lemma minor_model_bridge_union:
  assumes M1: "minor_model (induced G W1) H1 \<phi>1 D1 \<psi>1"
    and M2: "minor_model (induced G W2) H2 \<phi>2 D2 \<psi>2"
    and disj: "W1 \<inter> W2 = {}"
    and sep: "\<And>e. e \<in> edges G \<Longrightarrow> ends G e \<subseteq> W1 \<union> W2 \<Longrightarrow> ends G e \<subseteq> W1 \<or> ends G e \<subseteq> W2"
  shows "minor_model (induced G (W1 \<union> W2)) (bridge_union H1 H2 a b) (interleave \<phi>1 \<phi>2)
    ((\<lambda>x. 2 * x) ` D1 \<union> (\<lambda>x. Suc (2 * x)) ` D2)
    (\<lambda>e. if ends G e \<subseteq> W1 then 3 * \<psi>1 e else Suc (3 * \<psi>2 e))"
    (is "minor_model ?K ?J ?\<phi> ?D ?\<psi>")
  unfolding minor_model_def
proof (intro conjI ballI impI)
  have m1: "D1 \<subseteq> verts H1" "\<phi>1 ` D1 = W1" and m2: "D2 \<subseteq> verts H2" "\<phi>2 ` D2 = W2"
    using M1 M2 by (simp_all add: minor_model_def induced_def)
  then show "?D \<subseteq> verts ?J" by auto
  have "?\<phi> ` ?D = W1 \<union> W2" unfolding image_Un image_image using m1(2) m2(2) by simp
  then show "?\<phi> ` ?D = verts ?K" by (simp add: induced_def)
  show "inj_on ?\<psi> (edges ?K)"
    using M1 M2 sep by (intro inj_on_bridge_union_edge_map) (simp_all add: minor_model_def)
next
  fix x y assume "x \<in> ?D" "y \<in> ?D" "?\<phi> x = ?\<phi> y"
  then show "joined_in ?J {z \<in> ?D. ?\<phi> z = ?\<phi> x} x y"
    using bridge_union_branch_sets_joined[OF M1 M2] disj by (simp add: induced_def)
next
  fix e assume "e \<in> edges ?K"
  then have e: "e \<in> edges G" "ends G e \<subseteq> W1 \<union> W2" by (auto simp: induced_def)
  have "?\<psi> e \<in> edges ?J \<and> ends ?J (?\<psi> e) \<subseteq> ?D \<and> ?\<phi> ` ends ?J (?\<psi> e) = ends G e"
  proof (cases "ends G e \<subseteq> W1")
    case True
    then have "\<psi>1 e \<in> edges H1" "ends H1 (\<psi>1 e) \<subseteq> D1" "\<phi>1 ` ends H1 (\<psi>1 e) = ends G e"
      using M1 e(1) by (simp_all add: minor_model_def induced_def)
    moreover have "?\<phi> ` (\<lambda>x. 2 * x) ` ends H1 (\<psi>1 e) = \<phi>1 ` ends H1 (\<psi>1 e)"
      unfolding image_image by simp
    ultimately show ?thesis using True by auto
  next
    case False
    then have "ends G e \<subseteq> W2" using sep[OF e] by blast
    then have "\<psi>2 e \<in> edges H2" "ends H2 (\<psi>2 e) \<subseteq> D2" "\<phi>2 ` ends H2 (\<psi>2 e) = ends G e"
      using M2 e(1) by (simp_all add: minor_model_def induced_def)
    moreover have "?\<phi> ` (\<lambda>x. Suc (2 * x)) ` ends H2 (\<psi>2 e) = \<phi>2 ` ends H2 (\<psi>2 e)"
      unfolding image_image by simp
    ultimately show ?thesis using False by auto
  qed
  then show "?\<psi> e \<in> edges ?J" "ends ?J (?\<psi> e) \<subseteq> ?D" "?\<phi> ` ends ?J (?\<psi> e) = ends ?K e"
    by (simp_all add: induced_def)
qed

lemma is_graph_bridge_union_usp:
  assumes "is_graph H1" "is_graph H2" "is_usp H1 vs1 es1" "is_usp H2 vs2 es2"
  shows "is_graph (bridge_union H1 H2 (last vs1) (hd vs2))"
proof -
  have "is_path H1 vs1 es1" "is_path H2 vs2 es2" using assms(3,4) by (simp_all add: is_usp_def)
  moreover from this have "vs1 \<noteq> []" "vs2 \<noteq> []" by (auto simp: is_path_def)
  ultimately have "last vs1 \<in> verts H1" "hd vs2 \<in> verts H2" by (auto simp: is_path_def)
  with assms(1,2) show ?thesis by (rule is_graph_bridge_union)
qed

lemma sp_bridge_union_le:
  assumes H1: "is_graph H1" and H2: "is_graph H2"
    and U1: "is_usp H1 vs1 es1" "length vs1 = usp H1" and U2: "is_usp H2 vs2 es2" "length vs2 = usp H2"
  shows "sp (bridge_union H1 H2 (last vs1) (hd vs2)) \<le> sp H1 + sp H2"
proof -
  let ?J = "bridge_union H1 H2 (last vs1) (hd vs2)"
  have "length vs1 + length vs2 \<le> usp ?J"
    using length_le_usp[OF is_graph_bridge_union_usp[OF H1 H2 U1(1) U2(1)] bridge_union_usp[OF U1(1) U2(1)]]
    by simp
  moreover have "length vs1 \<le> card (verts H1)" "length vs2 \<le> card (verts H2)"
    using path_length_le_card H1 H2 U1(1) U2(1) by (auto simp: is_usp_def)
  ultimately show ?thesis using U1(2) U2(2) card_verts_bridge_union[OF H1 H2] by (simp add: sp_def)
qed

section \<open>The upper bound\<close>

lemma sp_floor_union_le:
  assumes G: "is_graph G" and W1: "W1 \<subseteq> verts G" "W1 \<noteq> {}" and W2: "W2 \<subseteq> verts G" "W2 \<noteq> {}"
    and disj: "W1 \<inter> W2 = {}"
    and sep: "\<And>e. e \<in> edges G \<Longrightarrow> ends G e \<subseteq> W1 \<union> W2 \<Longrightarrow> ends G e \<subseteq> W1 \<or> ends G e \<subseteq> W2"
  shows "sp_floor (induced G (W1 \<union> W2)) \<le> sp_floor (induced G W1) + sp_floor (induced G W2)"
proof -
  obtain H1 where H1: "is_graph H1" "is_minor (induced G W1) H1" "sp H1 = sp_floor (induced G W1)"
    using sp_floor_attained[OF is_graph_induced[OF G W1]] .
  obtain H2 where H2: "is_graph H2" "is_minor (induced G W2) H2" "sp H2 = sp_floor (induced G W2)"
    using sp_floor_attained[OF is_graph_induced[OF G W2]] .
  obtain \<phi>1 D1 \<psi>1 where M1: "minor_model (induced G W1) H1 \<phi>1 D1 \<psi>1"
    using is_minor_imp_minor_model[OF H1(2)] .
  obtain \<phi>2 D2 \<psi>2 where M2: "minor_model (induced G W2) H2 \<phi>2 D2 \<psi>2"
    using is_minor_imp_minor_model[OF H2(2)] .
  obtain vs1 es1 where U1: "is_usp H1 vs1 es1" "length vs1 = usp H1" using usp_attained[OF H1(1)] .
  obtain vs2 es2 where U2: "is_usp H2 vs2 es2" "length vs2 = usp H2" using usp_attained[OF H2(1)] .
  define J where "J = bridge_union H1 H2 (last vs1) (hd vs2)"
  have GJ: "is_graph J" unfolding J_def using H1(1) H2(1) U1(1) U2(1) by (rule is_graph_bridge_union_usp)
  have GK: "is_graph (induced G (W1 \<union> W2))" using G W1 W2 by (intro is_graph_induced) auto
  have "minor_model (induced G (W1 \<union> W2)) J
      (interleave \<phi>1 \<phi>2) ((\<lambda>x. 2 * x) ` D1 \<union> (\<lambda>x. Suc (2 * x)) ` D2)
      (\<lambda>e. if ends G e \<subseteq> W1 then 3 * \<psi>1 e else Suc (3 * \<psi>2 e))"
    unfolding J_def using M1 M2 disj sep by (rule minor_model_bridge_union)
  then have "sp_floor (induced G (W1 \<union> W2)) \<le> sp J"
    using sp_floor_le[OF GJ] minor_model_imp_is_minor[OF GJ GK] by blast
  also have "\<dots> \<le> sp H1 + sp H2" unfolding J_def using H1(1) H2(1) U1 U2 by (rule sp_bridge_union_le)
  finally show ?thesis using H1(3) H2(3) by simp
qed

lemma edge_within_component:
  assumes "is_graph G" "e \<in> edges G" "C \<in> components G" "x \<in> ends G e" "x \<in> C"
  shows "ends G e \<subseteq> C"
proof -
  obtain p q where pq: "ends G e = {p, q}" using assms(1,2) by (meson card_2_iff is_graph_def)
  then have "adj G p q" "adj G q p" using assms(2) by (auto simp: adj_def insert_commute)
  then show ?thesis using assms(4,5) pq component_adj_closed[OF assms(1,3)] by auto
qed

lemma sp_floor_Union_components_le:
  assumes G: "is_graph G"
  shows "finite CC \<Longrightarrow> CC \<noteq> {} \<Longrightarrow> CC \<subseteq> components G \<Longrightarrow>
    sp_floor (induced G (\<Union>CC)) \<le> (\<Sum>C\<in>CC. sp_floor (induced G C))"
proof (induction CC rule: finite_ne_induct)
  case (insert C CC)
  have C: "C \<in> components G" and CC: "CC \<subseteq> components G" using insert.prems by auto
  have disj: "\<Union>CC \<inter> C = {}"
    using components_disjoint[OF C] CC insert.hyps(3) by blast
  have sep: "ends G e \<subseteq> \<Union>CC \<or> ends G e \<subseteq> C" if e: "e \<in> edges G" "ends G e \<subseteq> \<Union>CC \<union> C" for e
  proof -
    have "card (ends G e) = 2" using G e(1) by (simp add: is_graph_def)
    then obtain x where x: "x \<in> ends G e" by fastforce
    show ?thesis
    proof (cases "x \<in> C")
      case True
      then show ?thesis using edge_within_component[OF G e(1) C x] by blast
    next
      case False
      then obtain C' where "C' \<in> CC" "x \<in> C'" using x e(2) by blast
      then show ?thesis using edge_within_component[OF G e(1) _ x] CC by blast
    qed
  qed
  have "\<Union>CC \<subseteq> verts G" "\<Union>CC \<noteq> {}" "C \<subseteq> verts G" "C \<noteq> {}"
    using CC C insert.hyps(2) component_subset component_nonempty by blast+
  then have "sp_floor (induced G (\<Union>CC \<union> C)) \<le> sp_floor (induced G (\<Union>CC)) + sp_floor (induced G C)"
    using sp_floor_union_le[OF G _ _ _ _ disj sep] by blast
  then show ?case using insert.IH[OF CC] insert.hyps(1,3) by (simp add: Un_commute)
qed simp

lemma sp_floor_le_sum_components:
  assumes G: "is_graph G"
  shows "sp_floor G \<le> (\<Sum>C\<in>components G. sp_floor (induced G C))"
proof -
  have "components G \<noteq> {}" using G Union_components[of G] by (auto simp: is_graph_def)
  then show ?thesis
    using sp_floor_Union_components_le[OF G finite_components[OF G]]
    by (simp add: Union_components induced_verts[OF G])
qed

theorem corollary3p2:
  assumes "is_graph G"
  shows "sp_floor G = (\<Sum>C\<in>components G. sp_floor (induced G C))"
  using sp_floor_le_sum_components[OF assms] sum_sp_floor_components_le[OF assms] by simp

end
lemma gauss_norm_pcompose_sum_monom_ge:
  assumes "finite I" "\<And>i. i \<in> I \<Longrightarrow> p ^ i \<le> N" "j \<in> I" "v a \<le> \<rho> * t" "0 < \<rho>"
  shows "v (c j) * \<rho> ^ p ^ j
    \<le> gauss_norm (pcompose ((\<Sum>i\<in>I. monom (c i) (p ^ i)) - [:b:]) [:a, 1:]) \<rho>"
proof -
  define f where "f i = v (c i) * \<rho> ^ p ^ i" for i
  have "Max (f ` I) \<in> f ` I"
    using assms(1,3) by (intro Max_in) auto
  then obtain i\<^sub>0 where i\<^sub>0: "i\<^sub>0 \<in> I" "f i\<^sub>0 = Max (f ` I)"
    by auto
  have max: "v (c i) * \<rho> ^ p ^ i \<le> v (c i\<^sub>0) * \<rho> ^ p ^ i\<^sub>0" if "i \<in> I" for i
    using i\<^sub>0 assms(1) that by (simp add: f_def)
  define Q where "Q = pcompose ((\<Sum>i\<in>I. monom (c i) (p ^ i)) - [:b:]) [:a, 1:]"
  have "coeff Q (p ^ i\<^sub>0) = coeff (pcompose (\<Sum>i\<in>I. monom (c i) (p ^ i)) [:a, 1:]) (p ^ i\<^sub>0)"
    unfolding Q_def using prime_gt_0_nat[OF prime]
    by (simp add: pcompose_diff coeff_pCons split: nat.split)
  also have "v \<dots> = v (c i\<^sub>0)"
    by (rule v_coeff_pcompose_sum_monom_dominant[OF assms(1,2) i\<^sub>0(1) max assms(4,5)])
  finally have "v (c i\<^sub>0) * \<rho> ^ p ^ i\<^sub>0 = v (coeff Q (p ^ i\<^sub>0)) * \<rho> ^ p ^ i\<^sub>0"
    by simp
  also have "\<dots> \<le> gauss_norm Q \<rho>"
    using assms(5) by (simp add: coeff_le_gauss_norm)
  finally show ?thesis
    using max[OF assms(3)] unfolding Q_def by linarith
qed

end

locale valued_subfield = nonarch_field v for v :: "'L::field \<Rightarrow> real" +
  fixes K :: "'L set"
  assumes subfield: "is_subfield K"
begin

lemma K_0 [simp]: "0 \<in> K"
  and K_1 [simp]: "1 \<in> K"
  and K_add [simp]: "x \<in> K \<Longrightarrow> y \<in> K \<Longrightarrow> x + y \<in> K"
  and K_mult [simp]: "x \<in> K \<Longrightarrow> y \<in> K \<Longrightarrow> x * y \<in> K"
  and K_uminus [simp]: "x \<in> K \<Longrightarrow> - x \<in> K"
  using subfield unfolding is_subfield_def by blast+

● ● ● ●

§ TASK OBJECTIVE:
Your answer should be the lines above from the one containing "using length_le_usp[OF is_graph_bridge_union_usp[OF" through the one containing "using path_length_le_card H1", copied exactly and with both ends kept.

§ TASK ANSWER:
    using length_le_usp[OF is_graph_bridge_union_usp[OF H1 H2 U1(1) U2(1)] bridge_union_usp[OF U1(1) U2(1)]]
    by simp
  moreover have "length vs1 \<le> card (verts H1)" "length vs2 \<le> card (verts H2)"
    using path_length_le_card H1 H2 U1(1) U2(1) by (auto simp: is_usp_def)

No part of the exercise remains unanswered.